Article Filtering

Sometimes you need to automatically tweak the incoming article - mark it starred, remove ads from its contents, or simply ignore it. That’s where article filtering feature comes in.

Article filters dialog

The dialog seen below offers you a way of managing your article filters. You can assign single filter to multiple feeds.

Test button tests selected filter against existing messages. Process checked feeds runs the filter against existing messages from checked feeds - in this mode all modifications made by the filter are saved to existing messages.

alt-img

Writing article filter

Article filters are small scripts which are executed automatically when articles/feeds are downloaded. Article filters are JavaScript snippets which must provide function with prototype:

function filterMessage() { }

The function should be fast and must return values which belong to enumeration FilteringAction.

Supported set of built-in “standard library” adheres to ECMA-262.

Each article is accessible in your script via global variable named msg of type MessageObject, see this file for the declaration.
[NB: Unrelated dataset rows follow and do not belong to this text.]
lemma canP_eq:
  "canP L = (if 2 \<le> size (snd (pur L)) \<and> (rep L = {} \<or> 2 \<le> size (Psets (pur L)))
     then Psets (pur L) else {#})"
  by (auto simp: canP_def can_def rep_def deg_cmi_def Let_def)

lemma Union_canP_subset: "\<Union>(set_mset (canP L)) \<subseteq> \<Union>(set_mset (snd L)) - fst L - rep L"
  by (auto simp: canP_eq Psets_eq_members_minus snd_pur Union_members_minus rep_def)

lemma meet_count_canP_le: "meet_count S (canP L) \<le> meet_count S (snd L)"
proof -
  have "meet_count S (Psets (pur L)) = meet_count (S - rep L - fst L) (snd L)"
    by (simp add: Psets_eq_members_minus snd_pur meet_count_members_minus rep_def)
  also have "\<dots> \<le> meet_count S (snd L)"
    by (rule meet_count_mono) auto
  finally show ?thesis
    by (simp add: canP_eq)
qed

lemma meet_count_canP_member:
  assumes "z \<in> \<Union>(set_mset (canP L))"
  shows "meet_count {z} (snd L) = 1"
proof -
  have size_pur: "2 \<le> size (snd (pur L))" and canP: "canP L = Psets (pur L)"
    using assms by (auto simp: canP_eq split: if_splits)
  have z: "z \<notin> fst L" "z \<notin> rep L"
    using assms Union_canP_subset by blast+
  then have count: "meet_count {z} (snd L) = meet_count {z} (snd (pur L))"
    by (simp add: snd_pur meet_count_members_minus insert_Diff_if)
  have "0 < meet_count {z} (Psets (pur L))"
    using assms canP by (auto simp: Union_Int_nonempty_iff[symmetric])
  also have "meet_count {z} (Psets (pur L)) = meet_count {z} (snd (pur L))"
    using z by (simp add: Psets_eq_members_minus meet_count_members_minus insert_Diff_if rep_def)
  finally show ?thesis
    using notin_rep_pure_iff[OF size_pur] z count by (simp add: rep_def)
qed

lemma condR_unique_member:
  assumes "condR K K' \<noteq> deg_cmi" "meet_count {x} (snd (condR K K')) = 1"
  shows "2 \<le> size (members_minus (rep K) (canP K'))"
    and "meet_count {x} (members_minus (rep K) (canP K')) = 1"
  using assms unfolding condR_def Let_def members_minus_def[symmetric]
  by (auto simp: deg_cmi_def split: if_splits)
(* For every positive integer $n$: (a) $\displaystyle\sum_{k=1}^{n}N^p(k)\,\omega(n-k)=\tau(n)$; (b) $\displaystyle\sum_{k=1}^{n}(-1)^{n-k}N^q(k)\,o(n-k)=\tau^s(n)$.
   Context: $N^p(n)$ (resp. $N^q(n)$) is the total number of parts, summed over all partitions (resp. partitions into pairwise distinct parts) of $n$. $\omega(m)=1$ if $m=0$, $\omega(m)=(-1)^k$ if $m=\frac{3k^2\pm k}{2}$ for an integer $k\ge1$, and $\omega(m)=0$ otherwise. $o(m)$ is the number of partitions of $m$ into distinct odd parts, with $o(0)=1$. $\tau(m)$ is the number of positive divisors of $m$ and $\tau^s(m)=\sum_{d\mid m,\,d\ge1}(-1)^{m/d-1}$. *)

theory Defs
  imports Main "HOL-Library.Multiset"
begin

definition partitions :: "nat \<Rightarrow> nat multiset set" where
  "partitions n = {M. (\<forall>x\<in>#M. 0 < x) \<and> sum_mset M = n}"

definition distinct_partitions :: "nat \<Rightarrow> nat set set" where
  "distinct_partitions n = {A. finite A \<and> (\<forall>x\<in>A. 0 < x) \<and> \<Sum>A = n}"

definition Np :: "nat \<Rightarrow> int" where
  "Np n = (\<Sum>M\<in>partitions n. int (size M))"

definition Nq :: "nat \<Rightarrow> int" where
  "Nq n = (\<Sum>A\<in>distinct_partitions n. int (card A))"

definition odp :: "nat \<Rightarrow> int" where
  "odp m = int (card {A. finite A \<and> (\<forall>x\<in>A. odd x) \<and> \<Sum>A = m})"

definition pent_omega :: "nat \<Rightarrow> int" where
  "pent_omega m =
     (if m = 0 then 1
      else if \<exists>k::nat. 1 \<le> k \<and> (2 * m = 3 * k^2 + k \<or> 2 * m = 3 * k^2 - k)
      then (-1) ^ (THE k::nat. 1 \<le> k \<and> (2 * m = 3 * k^2 + k \<or> 2 * m = 3 * k^2 - k))
      else 0)"

definition tau :: "nat \<Rightarrow> int" where
  "tau m = int (card {d. 1 \<le> d \<and> d dvd m})"

definition tau_s :: "nat \<Rightarrow> int" where
  "tau_s m = (\<Sum>d | 1 \<le> d \<and> d dvd m. (-1) ^ (m div d - 1))"

end

theory Submission
  imports Defs "HOL-Computational_Algebra.Formal_Power_Series"
begin

text \<open>
  Both identities are coefficient comparisons of formal power series. Let P and Q be the
  generating functions of partitions and of partitions into distinct parts. By Euler's
  pentagonal number theorem the Euler product \<Prod>(1 - x^k) has the coefficients \<omega>(m); it is
  the inverse of P. By Euler's odd-distinct identity the inverse of Q is \<Prod>(1 - x^k) over odd k,
  whose coefficients are (-1)^m o(m). It therefore suffices to show that the generating
  functions of N^p and N^q are T P and T' Q, where T and T' have the coefficients \<tau> and \<tau>^s.
  For N^p: the partitions of n in which the part k occurs at least r times correspond to the
  partitions of n - kr, and the pairs (k, r) with kr = j are counted by \<tau>(j). For N^q: deleting
  k maps the distinct partitions of n that contain k bijectively onto those of n - k that do not,
  so there are \<Sum>(-1)^(r-1) q(n - kr) of them, summed over r \<ge> 1, which regroups into \<tau>^s.
  The infinite products are never formed: up to degree N they agree with the products over k \<le> N.
\<close>

unbundle fps_syntax
lemma G_closed_ode: "fps_deriv G_closed = fps_even_part A_closed * (G_closed + 1)"
proof -
  let ?W = denom and ?RW = "fps_reflect denom" and ?N = numer and ?RN = "fps_reflect numer"
  let ?A = A_closed and ?RA = "fps_reflect A_closed" and ?G = G_closed
  have "fps_deriv ?G * (?W * ?W * ?RW)
        = (fps_deriv (2 * rt3 * sinh3) * ?W - 2 * rt3 * sinh3 * fps_deriv ?W) * ?RW"
    using fps_deriv_quotient_cleared[OF G_closed_denom] by (simp add: mult.assoc)
  also have "\<dots> = half * ?RW * (2 * rt3 * (rt3 * cosh3 * ?W + ?N * sinh3))"
    by (simp add: deriv_sinh3 deriv_denom rt3_def algebra_simps)
  also have "\<dots> = half * (?N * ?RW + ?RN * ?W) * ?RW"
    unfolding closed_form_identity_G by (simp add: ac_simps)
  also have "\<dots> = half * ((?A * ?W) * ?RW + (?RA * ?RW) * ?W) * (?G * ?W + ?W)"
    by (simp add: A_closed_denom reflect_A_closed_denom G_closed_denom reflect_denom_sinh3)
  also have "\<dots> = (half * (?A + ?RA) * (?G + 1)) * (?W * ?W * ?RW)"
    by (simp add: algebra_simps)
  finally have "fps_deriv ?G = half * (?A + ?RA) * (?G + 1)"
    by (rule fps_unit_mult_right_cancel[OF denom_product_nth_0])
  then show ?thesis
    by (simp add: fps_even_part_reflect half_def)
qed

definition sec_tan :: "real fps" where "sec_tan = inverse (fps_cos 1) + fps_tan 1"

lemma sec_tan_nth_0: "sec_tan $ 0 = 1"
  by (simp add: sec_tan_def fps_tan_def fps_divide_unit)

lemma sec_tan_ode: "2 * fps_deriv sec_tan = 1 + sec_tan * sec_tan"
proof -
  define c s i where "c = fps_cos (1::real)" and "s = fps_sin (1::real)" and "i = inverse c"
  have c0: "c $ 0 \<noteq> 0" by (simp add: c_def)
  have ci: "c * i = 1" unfolding i_def using c0 by (simp add: inverse_mult_eq_1')
  have pythagoras: "c * c + s * s = 1"
    using fps_sin_cos_sum_of_squares[of "1::real"] by (simp add: s_def c_def power2_eq_square)
  have T: "sec_tan = i + s * i"
    by (simp add: sec_tan_def fps_tan_def i_def c_def s_def fps_divide_unit)
  have di: "fps_deriv i = s * i * i"
    unfolding i_def using fps_inverse_deriv[OF c0]
    by (simp add: c_def s_def fps_cos_deriv power2_eq_square flip: fps_const_neg)
  have ds: "fps_deriv s = c" by (simp add: s_def c_def fps_sin_deriv)
  have "2 * fps_deriv sec_tan - (1 + sec_tan * sec_tan)
        = 2 * (c * i - 1) - (c * i - 1) * (c * i + 1) + (c * c + s * s - 1) * (i * i)"
    unfolding T by (simp add: di ds algebra_simps)
  then show ?thesis by (simp add: ci pythagoras)
qed

text \<open>For a complex \<open>z\<close>, the real and imaginary parts of the series \<open>T(z x)\<close>.\<close>

definition twist_re :: "complex \<Rightarrow> real fps \<Rightarrow> real fps" where
  "twist_re z T = Abs_fps (\<lambda>n. Re (z ^ n) * T $ n)"

definition twist_im :: "complex \<Rightarrow> real fps \<Rightarrow> real fps" where
  "twist_im z T = Abs_fps (\<lambda>n. Im (z ^ n) * T $ n)"

lemma twist_add:
  "twist_re z (T + U) = twist_re z T + twist_re z U"
  "twist_im z (T + U) = twist_im z T + twist_im z U"
  by (auto intro!: fps_ext simp: twist_re_def twist_im_def algebra_simps)

lemma twist_one: "twist_re z 1 = 1" "twist_im z 1 = 0"
  by (auto intro!: fps_ext simp: twist_re_def twist_im_def)

lemma twist_const_mult:
  "twist_re z (fps_const c * T) = fps_const c * twist_re z T"
  "twist_im z (fps_const c * T) = fps_const c * twist_im z T"
  by (auto intro!: fps_ext simp: twist_re_def twist_im_def)

lemma twist_mult:
  "twist_re z (T * U) = twist_re z T * twist_re z U - twist_im z T * twist_im z U"
  "twist_im z (T * U) = twist_re z T * twist_im z U + twist_im z T * twist_re z U"
proof -
  have split: "z ^ n = z ^ i * z ^ (n - i)" if "i \<le> n" for i n
    using that by (simp flip: power_add)
  show "twist_re z (T * U) = twist_re z T * twist_re z U - twist_im z T * twist_im z U"
    by (rule fps_ext) (simp add: twist_re_def twist_im_def fps_mult_nth sum_distrib_left
        flip: sum_subtractf, intro sum.cong, auto simp: split algebra_simps)
  show "twist_im z (T * U) = twist_re z T * twist_im z U + twist_im z T * twist_re z U"
    by (rule fps_ext) (simp add: twist_re_def twist_im_def fps_mult_nth sum_distrib_left
        flip: sum.distrib, intro sum.cong, auto simp: split algebra_simps)
qed

lemma twist_deriv:
  "fps_deriv (twist_re z T)
     = fps_const (Re z) * twist_re z (fps_deriv T) - fps_const (Im z) * twist_im z (fps_deriv T)"
  "fps_deriv (twist_im z T)
     = fps_const (Im z) * twist_re z (fps_deriv T) + fps_const (Re z) * twist_im z (fps_deriv T)"
  by (auto intro!: fps_ext simp: twist_re_def twist_im_def algebra_simps)

definition omega :: complex where "omega = Complex (-1/2) (sqrt 3 / 2)"

lemma omega_cube: "omega ^ 3 = 1"
proof -
  have "omega * omega = Complex (-1/2) (- (sqrt 3 / 2))"
    by (simp add: omega_def field_simps complex_eq_iff)
  then have "omega ^ 3 = Complex (-1/2) (- (sqrt 3 / 2)) * omega" by (simp add: power3_eq_cube)
  also have "\<dots> = 1" by (simp add: omega_def field_simps complex_eq_iff)
  finally show ?thesis .
qed

lemma omega_power_mod: "omega ^ k = omega ^ (k mod 3)"
proof -
  have "omega ^ k = omega ^ (k mod 3) * (omega ^ 3) ^ (k div 3)"
    by (metis power_add power_mult mod_mult_div_eq)
  then show ?thesis by (simp add: omega_cube)
qed

text \<open>Writing \<open>T(\<omega> x) = P + i Q\<close>, the equation \<open>2 T' = 1 + T\<^sup>2\<close> becomes
  \<open>2 P' + 2 i Q' = \<omega> (1 + P\<^sup>2 - Q\<^sup>2 + 2 i P Q)\<close>, i.e. the following real system.\<close>

definition riccati_re :: "real fps \<Rightarrow> real fps \<Rightarrow> real fps" where
  "riccati_re P Q = half * (- (half * (1 + P * P - Q * Q)) - rt3 * (P * Q))"

definition riccati_im :: "real fps \<Rightarrow> real fps \<Rightarrow> real fps" where
  "riccati_im P Q = half * (rt3 * half * (1 + P * P - Q * Q) - P * Q)"

lemma causal_riccati: "causal riccati_re" "causal riccati_im"
  unfolding riccati_re_def riccati_im_def by (intro causal_intros)+

lemma twisted_sec_tan_ode:
  defines "P \<equiv> twist_re omega sec_tan" and "Q \<equiv> twist_im omega sec_tan"
  shows "fps_deriv P = riccati_re P Q" "fps_deriv Q = riccati_im P Q"
proof -
  have "fps_deriv sec_tan = half * (2 * fps_deriv sec_tan)"
    by (rule half_two_mult[symmetric])
  then have deriv: "fps_deriv sec_tan = half * (1 + sec_tan * sec_tan)"
    by (simp add: sec_tan_ode)
  have re: "twist_re omega (fps_deriv sec_tan) = half * (1 + P * P - Q * Q)"
    and im: "twist_im omega (fps_deriv sec_tan) = half * (P * Q + Q * P)"
    unfolding deriv half_def twist_const_mult
    unfolding twist_add twist_mult twist_one P_def Q_def by simp_all
  have omega_parts: "fps_const (Re omega) = - half" "fps_const (Im omega) = rt3 * half"
    by (simp_all add: omega_def half_def rt3_def)
  show "fps_deriv P = riccati_re P Q"
    unfolding P_def twist_deriv omega_parts re im riccati_re_def
    unfolding P_def[symmetric] Q_def[symmetric] using two_half by algebra
  show "fps_deriv Q = riccati_im P Q"
    unfolding Q_def twist_deriv omega_parts re im riccati_im_def
    unfolding P_def[symmetric] Q_def[symmetric] using two_half by algebra
qed

definition P_closed :: "real fps" where "P_closed = 3 * cos2 / numer"
definition Q_closed :: "real fps" where "Q_closed = 3 * sinh3 / numer"

lemma P_closed_numer: "P_closed * numer = 3 * cos2"
  and Q_closed_numer: "Q_closed * numer = 3 * sinh3"
  unfolding P_closed_def Q_closed_def by (simp_all add: fps_divide_mult_cancel numer_nth_0)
Some properties are writeable, allowing you to change contents of the article before it is written to RSS Guard DB. You can mark article important, change its description, perhaps change author name or even assign some label to it!!!

Note

Some attributes (read/unread/starred states) are synchronized back to your account’s server - so you can for example mark some articles as starred and the change will be propagated back to TT-RSS server if you use TT-RSS.

Attention

A special placeholders can be used in article filters.

There is also a special variable named utils. This variable is of FilterUtils type. It offers some useful utility functions for you to use in your filters.

Labels assigned to articles are visible to your filters. You can, therefore, execute actions in your filtering script, based on which labels are assigned to the article. The property is called assignedLabels and is an array of the Label objects.

Passed article also offers a special function:

Boolean MessageObject.isAlreadyInDatabase(DuplicateCheck)

which allows you to perform runtime check for existence of the article in RSS Guards database. Parameter is the value from enumeration DuplicateCheck. It specifies how exactly the article should match.

For example, if you want to check if there is already another article by the same author in a database, you should call msg.isAlreadyInDatabase(MessageObject.SameAuthor).
The values of enumeration can be combined in a single call with the bitwise OR (|) operator, like this:

msg.isAlreadyInDatabase(MessageObject.SameAuthor | MessageObject.SameUrl)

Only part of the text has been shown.